Every line of the data is to be transcribed without error.

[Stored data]
----

lemma dyadic_coeff_double:
  assumes "b \<ge> 1"
  shows "dyadic_coeff b \<mu> (2 * k) = \<mu> * dyadic_coeff b \<mu> k + (if 2 * k = b then 1 else 0)"
proof (cases "b < 2 * k")
  case False
  then have "k < b"
    using assms by linarith
  with False show ?thesis
    by (subst dyadic_coeff.simps) (auto simp: dyadic_coeff_less)
qed (subst dyadic_coeff.simps, auto)

lemma strict_mono_dyadic: "b \<ge> 1 \<Longrightarrow> strict_mono (\<lambda>n. b * 2 ^ n :: nat)"
  by (intro strict_monoI) (simp add: power_strict_increasing)

lemma summable_dyadic_series:
  fixes z \<mu> :: complex
  assumes z: "norm z < 1" and b: "b \<ge> 1"
  shows "summable (\<lambda>n. \<mu> ^ n * z ^ (b * 2 ^ n))"
proof -
  have "(\<lambda>n. norm \<mu> * norm z ^ n) \<longlonglongrightarrow> 0"
    using z by (intro tendsto_mult_right_zero LIMSEQ_power_zero) simp
  then have "eventually (\<lambda>n. norm \<mu> * norm z ^ n < 1/2) sequentially"
    by (rule order_tendstoD) simp
  then obtain N where N: "\<And>n. n \<ge> N \<Longrightarrow> norm \<mu> * norm z ^ n < 1/2"
    by (auto simp: eventually_sequentially)
  show ?thesis
  proof (rule summable_ratio_test[of "1/2" N])
    fix n
    assume "n \<ge> N"
    have "n \<le> 2 ^ n"
      by (simp add: less_exp less_imp_le)
    also have "\<dots> \<le> b * 2 ^ n"
      using b by simp
    finally have "norm z ^ (b * 2 ^ n) \<le> norm z ^ n"
      using z by (intro power_decreasing) auto
    then have ratio: "norm \<mu> * norm z ^ (b * 2 ^ n) \<le> 1/2"
      using N[OF \<open>n \<ge> N\<close>] mult_left_mono[of _ _ "norm \<mu>"] by fastforce
    have "norm (\<mu> ^ Suc n * z ^ (b * 2 ^ Suc n))
        = (norm \<mu> * norm z ^ (b * 2 ^ n)) * norm (\<mu> ^ n * z ^ (b * 2 ^ n))"
      by (simp add: norm_mult norm_power power_add mult_2 algebra_simps)
    also have "\<dots> \<le> 1/2 * norm (\<mu> ^ n * z ^ (b * 2 ^ n))"
      using ratio by (intro mult_right_mono) auto
    finally show "norm (\<mu> ^ Suc n * z ^ (b * 2 ^ Suc n)) \<le> 1/2 * norm (\<mu> ^ n * z ^ (b * 2 ^ n))" .
  qed simp
qed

----

__YOUR SOLUTION__:
lemma dyadic_coeff_double:
  assumes "b \<ge> 1"
  shows "dyadic_coeff b \<mu> (2 * k) = \<mu> * dyadic_coeff b \<mu> k + (if 2 * k = b then 1 else 0)"
proof (cases "b < 2 * k")
  case False
  then have "k < b"
    using assms by linarith
  with False show ?thesis
    by (subst dyadic_coeff.simps) (auto simp: dyadic_coeff_less)
qed (subst dyadic_coeff.simps, auto)

lemma strict_mono_dyadic: "b \<ge> 1 \<Longrightarrow> strict_mono (\<lambda>n. b * 2 ^ n :: nat)"
  by (intro strict_monoI) (simp add: power_strict_increasing)

lemma summable_dyadic_series:
  fixes z \<mu> :: complex
  assumes z: "norm z < 1" and b: "b \<ge> 1"
  shows "summable (\<lambda>n. \<mu> ^ n * z ^ (b * 2 ^ n))"
proof -
  have "(\<lambda>n. norm \<mu> * norm z ^ n) \<longlonglongrightarrow> 0"
    using z by (intro tendsto_mult_right_zero LIMSEQ_power_zero) simp
  then have "eventually (\<lambda>n. norm \<mu> * norm z ^ n < 1/2) sequentially"
    by (rule order_tendstoD) simp
  then obtain N where N: "\<And>n. n \<ge> N \<Longrightarrow> norm \<mu> * norm z ^ n < 1/2"
    by (auto simp: eventually_sequentially)
  show ?thesis
  proof (rule summable_ratio_test[of "1/2" N])
    fix n
    assume "n \<ge> N"
    have "n \<le> 2 ^ n"
      by (simp add: less_exp less_imp_le)
    also have "\<dots> \<le> b * 2 ^ n"
      using b by simp
    finally have "norm z ^ (b * 2 ^ n) \<le> norm z ^ n"
      using z by (intro power_decreasing) auto
    then have ratio: "norm \<mu> * norm z ^ (b * 2 ^ n) \<le> 1/2"
      using N[OF \<open>n \<ge> N\<close>] mult_left_mono[of _ _ "norm \<mu>"] by fastforce
    have "norm (\<mu> ^ Suc n * z ^ (b * 2 ^ Suc n))
        = (norm \<mu> * norm z ^ (b * 2 ^ n)) * norm (\<mu> ^ n * z ^ (b * 2 ^ n))"
      by (simp add: norm_mult norm_power power_add mult_2 algebra_simps)
    also have "\<dots> \<le> 1/2 * norm (\<mu> ^ n * z ^ (b * 2 ^ n))"
      using ratio by (intro mult_right_mono) auto
    finally show "norm (\<mu> ^ Suc n * z ^ (b * 2 ^ Suc n)) \<le> 1/2 * norm (\<mu> ^ n * z ^ (b * 2 ^ n))" .
  qed simp
qed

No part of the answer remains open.